== Action item ==
Check each line of the material below for the word "moreover". Say how many lines have it, and nothing else.

== Supplied records ==
lemma lgraph_edgeD: "lgraph V E \<Longrightarrow> E x y \<Longrightarrow> x \<in> V \<and> y \<in> V"
  by (simp add: lgraph_def)

lemma lgraph_sym: "lgraph V E \<Longrightarrow> E x y \<Longrightarrow> E y x"
  by (simp add: lgraph_def)

lemma lgraph_irrefl: "lgraph V E \<Longrightarrow> \<not> E x x"
  by (simp add: lgraph_def)

lemma reach_le_in_vertices: "lgraph V E \<Longrightarrow> a \<in> V \<Longrightarrow> reach_le E a x n \<Longrightarrow> x \<in> V"
  by (induction n arbitrary: x) (auto dest: lgraph_edgeD)

lemma reach_le_local_iso:
  assumes inj: "inj_on f A" and u: "u \<in> A"
    and edges: "\<forall>x\<in>A. \<forall>y\<in>A. E x y \<longleftrightarrow> E' (f x) (f y)"
    and closed: "\<And>x y k. k < r \<Longrightarrow> reach_le E u x k \<Longrightarrow> E x y \<Longrightarrow> y \<in> A"
    and closed': "\<And>x y k. k < r \<Longrightarrow> reach_le E u x k \<Longrightarrow> E' (f x) y \<Longrightarrow> y \<in> f ` A"
    and "n \<le> r"
  shows "(\<forall>x. reach_le E u x n \<longrightarrow> x \<in> A) \<and> (\<forall>y. reach_le E' (f u) y n \<longrightarrow> y \<in> f ` A)
     \<and> (\<forall>x\<in>A. reach_le E u x n \<longleftrightarrow> reach_le E' (f u) (f x) n)"
  using \<open>n \<le> r\<close>
proof (induction n)
  case 0
  then show ?case using u inj by (auto simp: inj_on_eq_iff)
next
  case (Suc n)
  then have n: "n < r" by simp
  from Suc have inA: "\<And>x. reach_le E u x n \<Longrightarrow> x \<in> A"
    and inA': "\<And>y. reach_le E' (f u) y n \<Longrightarrow> y \<in> f ` A"
    and corr: "\<And>x. x \<in> A \<Longrightarrow> reach_le E u x n \<longleftrightarrow> reach_le E' (f u) (f x) n" by auto
  have "x \<in> A" if "reach_le E u x (Suc n)" for x
    using that inA closed[OF n] by (metis reach_le.simps(2))
  moreover have "y \<in> f ` A" if "reach_le E' (f u) y (Suc n)" for y
  proof -
    from that consider "reach_le E' (f u) y n" | z where "reach_le E' (f u) z n" "E' z y" by auto
    then show ?thesis
    proof cases
      case 2
      then obtain x where "x \<in> A" "z = f x" using inA' by blast
      then show ?thesis using 2 corr closed'[OF n] by blast
    qed (rule inA')
  qed
  moreover have "reach_le E u x (Suc n) \<longleftrightarrow> reach_le E' (f u) (f x) (Suc n)" if "x \<in> A" for x
  proof -
    have "(\<exists>y. reach_le E u y n \<and> E y x) \<longleftrightarrow> (\<exists>z. reach_le E' (f u) z n \<and> E' z (f x))"
      using that inA inA' corr edges by blast
    then show ?thesis using corr[OF that] by simp
  qed
  ultimately show ?case by blast
qed

lemma nbhd_iso_of_local_iso:
  assumes "A \<subseteq> V" "f ` A \<subseteq> V'" and inj: "inj_on f A" and u: "u \<in> A"
    and edges: "\<forall>x\<in>A. \<forall>y\<in>A. E x y \<longleftrightarrow> E' (f x) (f y)"
    and labels: "\<forall>x\<in>A. lab' (f x) = lab x"
    and closed: "\<And>x y k. k < r \<Longrightarrow> reach_le E u x k \<Longrightarrow> E x y \<Longrightarrow> y \<in> A"
    and closed': "\<And>x y k. k < r \<Longrightarrow> reach_le E u x k \<Longrightarrow> E' (f x) y \<Longrightarrow> y \<in> f ` A"
  shows "nbhd_iso V E lab V' E' lab' r u (f u)"
proof -
  have "(\<forall>x. reach_le E u x r \<longrightarrow> x \<in> A) \<and> (\<forall>y. reach_le E' (f u) y r \<longrightarrow> y \<in> f ` A)
     \<and> (\<forall>x\<in>A. reach_le E u x r \<longleftrightarrow> reach_le E' (f u) (f x) r)"
    using inj u edges closed closed' order.refl by (rule reach_le_local_iso)
  then have inA: "\<And>x. reach_le E u x r \<Longrightarrow> x \<in> A"
    and inA': "\<And>y. reach_le E' (f u) y r \<Longrightarrow> y \<in> f ` A"
    and corr: "\<And>x. x \<in> A \<Longrightarrow> reach_le E u x r \<longleftrightarrow> reach_le E' (f u) (f x) r"
    by blast+
  let ?B = "ball_verts V E r u" and ?B' = "ball_verts V' E' r (f u)"
  have B: "?B = {x\<in>V. reach_le E u x r}" and B': "?B' = {y\<in>V'. reach_le E' (f u) y r}"
    by (auto simp: ball_verts_def gdist_le_iff_reach_le)
  have "?B \<subseteq> A" using inA B by blast
  moreover have "f ` ?B = ?B'"
  proof
    show "f ` ?B \<subseteq> ?B'" using assms(2) inA corr unfolding B B' by auto
    show "?B' \<subseteq> f ` ?B"
    proof
      fix y assume "y \<in> ?B'"
      then obtain x where "x \<in> A" "y = f x" "reach_le E' (f u) y r" using inA' B' by blast
      then show "y \<in> f ` ?B" using assms(1) corr B by blast
    qed
  qed
  ultimately have "bij_betw f ?B ?B'"
    using inj by (auto simp: bij_betw_def intro: inj_on_subset)
  then show ?thesis unfolding nbhd_iso_def using \<open>?B \<subseteq> A\<close> edges labels by blast
qed

lemma shell_vertsD:
  assumes "x \<in> shell_verts E a 1 t"
  shows "x \<noteq> a" "reach_le E a x t"
  using assms by (auto simp: shell_verts_def shell_edge_def gdist_le_iff_reach_le gdist_ge_Suc_0_iff)

lemma shell_vertsI:
  assumes "E x y" "x \<noteq> a" "y \<noteq> a" "reach_le E a x t" "reach_le E a y t"
  shows "x \<in> shell_verts E a 1 t"
  using assms by (auto simp: shell_verts_def shell_edge_def gdist_le_iff_reach_le gdist_ge_Suc_0_iff)

lemma shell_edge_iff_edge:
  assumes "x \<in> shell_verts E a 1 t" "y \<in> shell_verts E a 1 t"
  shows "shell_edge E a 1 t x y \<longleftrightarrow> E x y"
  using shell_vertsD[OF assms(1)] shell_vertsD[OF assms(2)]
  by (auto simp: shell_edge_def gdist_le_iff_reach_le gdist_ge_Suc_0_iff)

lemma moved_iff_pendant:
  assumes "lgraph V E" "r \<ge> 1"
  shows "p \<in> moved E r a \<longleftrightarrow> E a p \<and> (\<forall>y. E p y \<longrightarrow> y = a)"
proof
  assume p: "p \<in> moved E r a"
  then have ap: "E a p" and notin: "p \<notin> shell_verts E a 1 (2*r)" by (auto simp: moved_def)
  have "y = a" if "E p y" for y
  proof (rule ccontr)
    assume "y \<noteq> a"
    have "reach_le E a p (2*r)" "reach_le E a y (2*r)"
      using ap that assms(2) reach_le_mono[of E a _ "Suc (Suc 0)" "2*r"] by auto
    then have "p \<in> shell_verts E a 1 (2*r)"
      using shell_vertsI[of E p y a] that \<open>y \<noteq> a\<close> lgraph_irrefl[OF assms(1)] ap by blast
    with notin show False ..
  qed
  with ap show "E a p \<and> (\<forall>y. E p y \<longrightarrow> y = a)" by blast
next
  assume "E a p \<and> (\<forall>y. E p y \<longrightarrow> y = a)"
  then show "p \<in> moved E r a"
    by (auto simp: moved_def shell_verts_def shell_edge_def gdist_ge_Suc_0_iff)
qed

lemma shell_verts_subset: "lgraph V E \<Longrightarrow> shell_verts E a s t \<subseteq> V"
  by (auto simp: shell_verts_def shell_edge_def dest: lgraph_edgeD)

lemma near_vertex_cases:
  assumes sym: "\<And>x y. E x y \<Longrightarrow> E y x" and "reach_le E a x (2*r)"
  shows "x = a \<or> x \<in> moved E r a \<or> x \<in> shell_verts E a 1 (2*r)"
proof -
  consider "x = a" | "E a x" | y where "x \<noteq> a" "y \<noteq> a" "reach_le E a y (2*r)" "E y x"
    using reach_le_last_step[OF assms(2)] by blast
  then show ?thesis
  proof cases
    case 2
    then show ?thesis by (auto simp: moved_def)
  next
    case 3
    then show ?thesis using shell_vertsI[of E x y a "2*r"] sym assms(2) by blast
  qed simp
qed

definition switch_map :: "('a \<Rightarrow> 'a \<Rightarrow> bool) \<Rightarrow> nat \<Rightarrow> 'a \<Rightarrow> 'a \<Rightarrow> ('a \<Rightarrow> 'a) \<Rightarrow> 'a \<Rightarrow> 'a" where
  "switch_map E r v w \<phi> x = (if x = v then w else if x \<in> shell_verts E v 1 (2*r) then \<phi> x else x)"

lemma switch_map_center [simp]: "switch_map E r v w \<phi> v = w"
  by (simp add: switch_map_def)

lemma switch_map_shell: "s \<in> shell_verts E v 1 (2*r) \<Longrightarrow> switch_map E r v w \<phi> s = \<phi> s"
  using shell_vertsD(1) by (fastforce simp: switch_map_def)

lemma switch_E_commute: "switch_E E r w v = switch_E E r v w"
  by (intro ext) (auto simp: switch_E_def)

lemma switch_lab_commute: "v \<noteq> w \<Longrightarrow> switch_lab lab w v = switch_lab lab v w"
  by (simp add: switch_lab_def fun_upd_twist)

locale switching =
  fixes V :: "'a set" and E :: "'a \<Rightarrow> 'a \<Rightarrow> bool" and lab :: "'a \<Rightarrow> 'l"
    and r :: nat and v w :: 'a and \<phi> :: "'a \<Rightarrow> 'a"
  assumes graph: "lgraph V E" and r_pos: "1 \<le> r" and v_in_V: "v \<in> V" and w_in_V: "w \<in> V"
    and shell_iso: "shell_iso E lab r v w \<phi>" and far: "\<not> reach_le E v w (2*r)"
begin

text \<open>The simplifier rewrites the literal 1 in Sv and Sw to Suc 0 (One_nat_def), so facts whose
  conclusion mentions Sv or Sw are passed with using rather than as simplification rules.\<close>

abbreviation "Sv \<equiv> shell_verts E v 1 (2*r)"
abbreviation "Sw \<equiv> shell_verts E w 1 (2*r)"
abbreviation "E' \<equiv> switch_E E r v w"
abbreviation "lab' \<equiv> switch_lab lab v w"
abbreviation "f \<equiv> switch_map E r v w \<phi>"
abbreviation "\<psi> \<equiv> inv_into Sv \<phi>"

lemma edge_sym: "E x y \<Longrightarrow> E y x"
  using lgraph_sym[OF graph] .

lemma edge_reach_le: "E x y \<Longrightarrow> reach_le E x y (2*r)"
  using r_pos reach_le_mono[of E x y "Suc 0" "2*r"] by auto

lemma reach_le_step_2r: "reach_le E a x (2*r - 1) \<Longrightarrow> E x y \<Longrightarrow> reach_le E a y (2*r)"
  using r_pos by (cases r) auto

lemma far_sym: "\<not> reach_le E w v (2*r)"
  using far reach_le_sym edge_sym by metis

lemma v_ne_w: "v \<noteq> w"
  using far reach_le_mono[of E v v 0 "2*r"] by auto

lemma phi_bij: "bij_betw \<phi> Sv Sw"
  using shell_iso by (simp add: shell_iso_def)

lemma phi_in_Sw: "x \<in> Sv \<Longrightarrow> \<phi> x \<in> Sw"
  using phi_bij bij_betwE by blast

lemma phi_edge_iff:
  assumes x: "x \<in> Sv" and y: "y \<in> Sv"
  shows "E (\<phi> x) (\<phi> y) \<longleftrightarrow> E x y"
proof -
  have "shell_edge E v 1 (2*r) x y \<longleftrightarrow> shell_edge E w 1 (2*r) (\<phi> x) (\<phi> y)"
    using shell_iso x y by (simp add: shell_iso_def)
  then show ?thesis
    using shell_edge_iff_edge[OF x y] shell_edge_iff_edge[OF phi_in_Sw[OF x] phi_in_Sw[OF y]] by simp
qed

lemma phi_label: "x \<in> Sv \<Longrightarrow> lab (\<phi> x) = lab x"
  using shell_iso by (simp add: shell_iso_def)

lemma phi_reach_le_iff: "x \<in> Sv \<Longrightarrow> reach_le E w (\<phi> x) k \<longleftrightarrow> reach_le E v x k"
  using shell_iso by (simp add: shell_iso_def flip: gdist_le_iff_reach_le)

lemma Sv_not_centers: "x \<in> Sv \<Longrightarrow> x \<noteq> v \<and> x \<noteq> w"
  using shell_vertsD[of x E v "2*r"] far by auto

lemma Sw_not_centers: "y \<in> Sw \<Longrightarrow> y \<noteq> v \<and> y \<noteq> w"
  using shell_vertsD[of y E w "2*r"] far_sym by auto

lemma phi_adjacent_iff:
  assumes "x \<in> Sv"
  shows "E w (\<phi> x) \<longleftrightarrow> E v x"
  using phi_reach_le_iff[OF assms, of "Suc 0"] shell_vertsD(1)[OF assms]
    Sw_not_centers[OF phi_in_Sw[OF assms]] by auto

lemma moved_v_pendant: "p \<in> moved E r v \<Longrightarrow> E v p \<and> (\<forall>y. E p y \<longrightarrow> y = v)"
  using moved_iff_pendant[OF graph r_pos] by blast

lemma moved_v_not_centers:
  assumes "p \<in> moved E r v"
  shows "p \<noteq> v \<and> p \<noteq> w"
proof -
  have "E v p" using moved_v_pendant[OF assms] by blast
  then show ?thesis using lgraph_irrefl[OF graph] edge_reach_le far by blast
qed

lemma moved_v_not_moved_w: "p \<in> moved E r v \<Longrightarrow> p \<notin> moved E r w"
  using moved_v_pendant moved_iff_pendant[OF graph r_pos, of p w] v_ne_w edge_sym by blast

lemma moved_v_not_Sw: "p \<in> moved E r v \<Longrightarrow> p \<notin> Sw"
  using moved_v_pendant far_sym
  by (auto simp: shell_verts_def shell_edge_def gdist_le_iff_reach_le)

lemma moved_w_not_Sw: "p \<in> moved E r w \<Longrightarrow> p \<notin> Sw"
  by (simp add: moved_def)

lemma centers_not_moved: "v \<notin> moved E r v" "w \<notin> moved E r w" "w \<notin> moved E r v" "v \<notin> moved E r w"
  using lgraph_irrefl[OF graph] edge_reach_le far far_sym by (auto simp: moved_def)

lemma switch_E_sym: "E' x y \<Longrightarrow> E' y x"
  unfolding switch_E_def using edge_sym by blast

== Your response ==
3